Canadian music industry: forget the levies, bring on DRM heaven

For years the CRIA and other music industry groups have supported the media levy because it generates revenue from “personal use” that was still derived (hopefully) from commercial music sales. For instance, the levy was seen as an ideal solution to the “problems” that stem from users ripping CDs and building digital music libraries using music that they had purchased. Now even that basic use is looking suspect in the CRIA’s eyes, even though it has nothing to do with piracy at all. Why? It’s the technology!

“We are moving into an environment where everything will be either copy-protected or mostly copy-protected,” Henderson said.

What’s that got to do with it? As I’ve argued time and time again, it’s the whole story. Digital Rights Management, to repeat my argument, is not about stopping piracy, but about shutting down fair use. The aim of shutting down fair use is simple: the copyright owners want to nickel and dime users.

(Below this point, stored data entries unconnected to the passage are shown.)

text \<open>The alphabet J = {1 < ... < n < bar n < ... < bar 1} is encoded as {1..2n}:
  c \<mapsto> c and bar c \<mapsto> 2n+1-c, preserving the order.\<close>
definition zz :: "nat \<Rightarrow> (nat \<Rightarrow> complex \<Rightarrow> 'f::field) \<Rightarrow> nat \<Rightarrow> complex \<Rightarrow> 'f" where
  "zz n Q j u =
    (if j \<le> n then YY n Q j (u + of_nat j / 2) / YY n Q (j - 1) (u + (of_nat j + 1) / 2)
     else (let a = 2 * n + 1 - j in
           YY n Q (a - 1) (u + (2 * of_nat n - of_nat a + 3) / 2) /
           YY n Q a (u + (2 * of_nat n - of_nat a + 4) / 2)))"

definition xx :: "nat \<Rightarrow> (nat \<Rightarrow> complex \<Rightarrow> 'f::field) \<Rightarrow> nat \<Rightarrow> complex \<Rightarrow> 'f" where
  "xx n Q i u =
    (if i \<le> n then zz n Q i u
     else if i = n + 1 then
       Q n (u + of_nat n / 2) * Q n (u + (of_nat n + 4) / 2) / (Q n (u + (of_nat n + 2) / 2))^2
     else if i = n + 2 then
       - (Q n (u + of_nat n / 2) * Q n (u + (of_nat n + 4) / 2) / (Q n (u + (of_nat n + 2) / 2))^2)
     else zz n Q (2 * n + 1 - (2 * n + 3 - i)) u)"

text \<open>Action of the product of factors i = k..N (ordered left to right) of
  L(u) = prod_{i=1}^N (x_i(u+n+1-i) - D) on w; the factor (c(u) - D) maps v to
  u \<mapsto> c(u) v(u) - v(u+1).\<close>
fun Lpart :: "nat \<Rightarrow> (nat \<Rightarrow> complex \<Rightarrow> 'f::field) \<Rightarrow> nat \<Rightarrow> nat \<Rightarrow> (complex \<Rightarrow> 'f) \<Rightarrow> complex \<Rightarrow> 'f" where
  "Lpart n Q 0 k w = w"
| "Lpart n Q (Suc m) k w =
     (let v = Lpart n Q m (Suc k) w in
      (\<lambda>u. xx n Q k (u + of_nat n + 1 - of_nat k) * v u - v (u + 1)))"

definition Lop :: "nat \<Rightarrow> (nat \<Rightarrow> complex \<Rightarrow> 'f::field) \<Rightarrow> (complex \<Rightarrow> 'f) \<Rightarrow> complex \<Rightarrow> 'f" where
  "Lop n Q w = Lpart n Q (2 * n + 2) 1 w"

text \<open>Admissible tableaux for T^(a)_1, 1 \<le> a \<le> n: strictly increasing tuples in J^a
  (0-based positions k, l here; the difference k - l is unchanged).\<close>
definition adm :: "nat \<Rightarrow> nat \<Rightarrow> nat list set" where
  "adm n a = {is. length is = a \<and> sorted_wrt (<) is \<and> set is \<subseteq> {1..2 * n} \<and>
     (\<forall>k<a. \<forall>l<a. \<forall>c. 1 \<le> c \<and> c \<le> n \<and> is ! k = c \<and> is ! l = 2 * n + 1 - c
        \<longrightarrow> int n + int k - int l \<ge> int c)}"

definition TT :: "nat \<Rightarrow> (nat \<Rightarrow> complex \<Rightarrow> 'f::field) \<Rightarrow> nat \<Rightarrow> complex \<Rightarrow> 'f" where
  "TT n Q a v =
    (if a = 0 then 1
     else if a \<le> n then
       (\<Sum>is\<in>adm n a. \<Prod>k<a. zz n Q (is ! k) ((v - 1/2) + (of_nat a - 1 - 2 * of_nat k) / 2))
     else if a = n + 1 then 0
     else if a \<le> 2 * n + 2 then
       - (if 2 * n + 2 - a = 0 then 1 else
          (\<Sum>is\<in>adm n (2 * n + 2 - a). \<Prod>k<(2 * n + 2 - a).
              zz n Q (is ! k) ((v - 1/2) + (of_nat (2 * n + 2 - a) - 1 - 2 * of_nat k) / 2)))
     else 0)"

text \<open>Casorati determinant [i_1,...,i_m](u) = det (w_r(u+i_s))_{r,s}; w_1..w_m are w 1 .. w m.\<close>
definition casorati :: "(nat \<Rightarrow> complex \<Rightarrow> 'f::field) \<Rightarrow> int list \<Rightarrow> complex \<Rightarrow> 'f" where
  "casorati w idx u = det (mat (length idx) (length idx)
      (\<lambda>(r, s). w (r + 1) (u + of_int (idx ! s))))"

end

(* Write L(u) = sum_j (-1)^j E_(N-j)(u) D^j. As L w_m = 0 for every m and E_N = -1, the column
   (w_m(u))_m is the combination of the columns (w_m(u+j))_m, 1 <= j <= N, with coefficients
   (-1)^j E_(N-j)(u), and Cramer's rule gives [0,..,a-hat,..,N]/[1,..,N] = -E_(N-a)(u).
   It remains to show T^(a)(u+a/2) = -E_(N-a)(u).

   Let E^(k) be the coefficients of the product of the middle factors k, ..., N+1-k of L. Since
   x_(n+2) = -x_(n+1), the coefficients E^(n+1) are antisymmetric about degree 1 up to a twist by a
   ratio of Y_n's, and since x_k and x_(bar k) are reciprocal ratios of shifted Y_k and Y_(k-1),
   this twisted antisymmetry of E^(k) about degree n+2-k propagates outwards; as 2 is invertible,
   the middle coefficients vanish. Below the middle, E^(k)_s and the sum over admissible tableaux
   of length s in the letters k, ..., bar k satisfy the same recursion: splitting off the outer
   factors x_k and x_(bar k) corresponds to splitting off a first letter k and a last letter bar k.
   For k = 1 the twist is trivial, which gives T^(a) for a <= n, T^(n+1) = 0 and
   T^(a) = -T^(N-a) for a > n+1. *)

theory Submission
  imports Defs
begin

lemma alg_indep_Z_nonzero:
  assumes "alg_indep_Z f I" and "i \<in> I"
  shows "f i \<noteq> 0"
proof
  assume zero: "f i = 0"
  define c where "c = (\<lambda>e::nat list. if e = [1] then (1::int) else 0)"
  have supp: "{e. c e \<noteq> 0} = {[1]}"
    unfolding c_def by auto
  have "distinct [i] \<and> set [i] \<subseteq> I \<and> finite {e. c e \<noteq> 0} \<and> (\<forall>e. c e \<noteq> 0 \<longrightarrow> length e = length [i]) \<and>
      (\<Sum>e\<in>{e. c e \<noteq> 0}. of_int (c e) * (\<Prod>j<length [i]. f ([i] ! j) ^ (e ! j))) = 0"
    using assms(2) zero unfolding supp by (auto simp: c_def)
  then have "\<forall>e. c e = 0"
    using assms(1) unfolding alg_indep_Z_def by blast
  then show False
    unfolding c_def by (metis one_neq_zero)
qed

lemma alg_indep_Z_of_int_nonzero:
  assumes "alg_indep_Z (f :: 'i \<Rightarrow> 'f::field) I" and "c \<noteq> 0"
  shows "(of_int c :: 'f) \<noteq> 0"
proof
  assume zero: "(of_int c :: 'f) = 0"
  define d where "d = (\<lambda>e::nat list. if e = [] then c else 0)"
  have supp: "{e. d e \<noteq> 0} = {[]}"
    unfolding d_def using assms(2) by auto
  have "distinct ([] :: 'i list) \<and> set [] \<subseteq> I \<and> finite {e. d e \<noteq> 0} \<and>
      (\<forall>e. d e \<noteq> 0 \<longrightarrow> length e = length ([] :: 'i list)) \<and>
      (\<Sum>e\<in>{e. d e \<noteq> 0}. of_int (d e) * (\<Prod>j<length ([] :: 'i list). f ([] ! j) ^ (e ! j))) = 0"
    using zero unfolding supp by (auto simp: d_def)
  then have "\<forall>e. d e = 0"
    using assms(1) unfolding alg_indep_Z_def by blast
  then show False
    unfolding d_def using assms(2) by metis
qed

section \<open>Products of first-order difference operators\<close>

fun diff_op_prod :: "(nat \<Rightarrow> complex \<Rightarrow> 'f::field) \<Rightarrow> nat \<Rightarrow> nat \<Rightarrow> (complex \<Rightarrow> 'f) \<Rightarrow> complex \<Rightarrow> 'f" where
  "diff_op_prod c 0 k w = w"
| "diff_op_prod c (Suc m) k w =
     (\<lambda>u. c k u * diff_op_prod c m (Suc k) w u - diff_op_prod c m (Suc k) w (u + 1))"

(* diff_op_coeff c m k s u is the coefficient of (-1)^(m-s) D^(m-s) in the product
   (c_k - D) ... (c_(k+m-1) - D), see diff_op_prod_expand: s factors contribute c, m - s contribute D. *)
fun diff_op_coeff :: "(nat \<Rightarrow> complex \<Rightarrow> 'f::field) \<Rightarrow> nat \<Rightarrow> nat \<Rightarrow> int \<Rightarrow> complex \<Rightarrow> 'f" where
  "diff_op_coeff c 0 k s u = (if s = 0 then 1 else 0)"
| "diff_op_coeff c (Suc m) k s u =
     c k u * diff_op_coeff c m (Suc k) (s - 1) u + diff_op_coeff c m (Suc k) s (u + 1)"

lemma diff_op_coeff_out_of_range: "s < 0 \<or> s > int m \<Longrightarrow> diff_op_coeff c m k s u = 0"
  by (induction m arbitrary: k s u) auto

lemma diff_op_coeff_degree_0 [simp]: "diff_op_coeff c m k 0 u = 1"
  by (induction m arbitrary: k u) (auto simp: diff_op_coeff_out_of_range)

lemma diff_op_prod_expand:
  "diff_op_prod c m k w u = (\<Sum>j\<le>m. (-1)^j * diff_op_coeff c m k (int m - int j) u * w (u + of_nat j))"
proof (induction m arbitrary: k u)
  case 0
  then show ?case by simp
next
  case (Suc m)
  let ?E = "diff_op_coeff c m (Suc k)"
  have "diff_op_prod c (Suc m) k w u =
      (\<Sum>j\<le>m. c k u * ((-1)^j * ?E (int m - int j) u * w (u + of_nat j)))
    - (\<Sum>j\<le>m. (-1)^j * ?E (int m - int j) (u + 1) * w (u + 1 + of_nat j))"
    by (simp add: Suc.IH sum_distrib_left)
  also have "(\<Sum>j\<le>m. c k u * ((-1)^j * ?E (int m - int j) u * w (u + of_nat j)))
     = (\<Sum>j\<le>Suc m. c k u * ((-1)^j * ?E (int (Suc m) - int j - 1) u * w (u + of_nat j)))"
    by (simp add: diff_op_coeff_out_of_range)
  also have "(\<Sum>j\<le>m. (-1)^j * ?E (int m - int j) (u + 1) * w (u + 1 + of_nat j))
     = (\<Sum>j\<le>Suc m. - ((-1)^j * ?E (int (Suc m) - int j) (u + 1) * w (u + of_nat j)))"
    by (subst sum.atMost_Suc_shift) (simp add: diff_op_coeff_out_of_range add_ac)
  also have "(\<Sum>j\<le>Suc m. c k u * ((-1)^j * ?E (int (Suc m) - int j - 1) u * w (u + of_nat j)))
      - (\<Sum>j\<le>Suc m. - ((-1)^j * ?E (int (Suc m) - int j) (u + 1) * w (u + of_nat j)))
    = (\<Sum>j\<le>Suc m. (-1)^j * diff_op_coeff c (Suc m) k (int (Suc m) - int j) u * w (u + of_nat j))"
    unfolding sum_subtractf[symmetric] by (rule sum.cong) (simp_all add: algebra_simps)
  finally show ?case .
qed

lemma diff_op_coeff_Suc_right:
  "diff_op_coeff c (Suc m) k s u =
     diff_op_coeff c m k s u + diff_op_coeff c m k (s - 1) u * c (k + m) (u + of_nat m + 1 - of_int s)"
proof (induction m arbitrary: k s u)
  case 0
  then show ?case by (auto simp: algebra_simps)
next
  case (Suc m)
  have "diff_op_coeff c (Suc (Suc m)) k s u =
      c k u * diff_op_coeff c (Suc m) (Suc k) (s - 1) u + diff_op_coeff c (Suc m) (Suc k) s (u + 1)"
    by (rule diff_op_coeff.simps(2))
  also have "\<dots> = c k u * (diff_op_coeff c m (Suc k) (s - 1) u
        + diff_op_coeff c m (Suc k) (s - 2) u * c (Suc k + m) (u + of_nat m + 2 - of_int s))
      + (diff_op_coeff c m (Suc k) s (u + 1)
        + diff_op_coeff c m (Suc k) (s - 1) (u + 1) * c (Suc k + m) (u + of_nat m + 2 - of_int s))"
    by (simp only: Suc.IH) (simp add: algebra_simps)
  finally show ?case
    by (simp add: algebra_simps)
qed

Barbara Caplan, co-chair of the Canadian Coalition for Fair Digital Access, put it in other terms:

“Get rid of the levy and let the marketplace fairly compensate copyright holders through the use of DRM and technical protection measures,” she said.

It’s what we’ve all been saying all along! And Ken Fisher has repeatedly hit the mark as have others such as Cory Doctorow and the EFF.

This is turning into a real nightmare across the globe!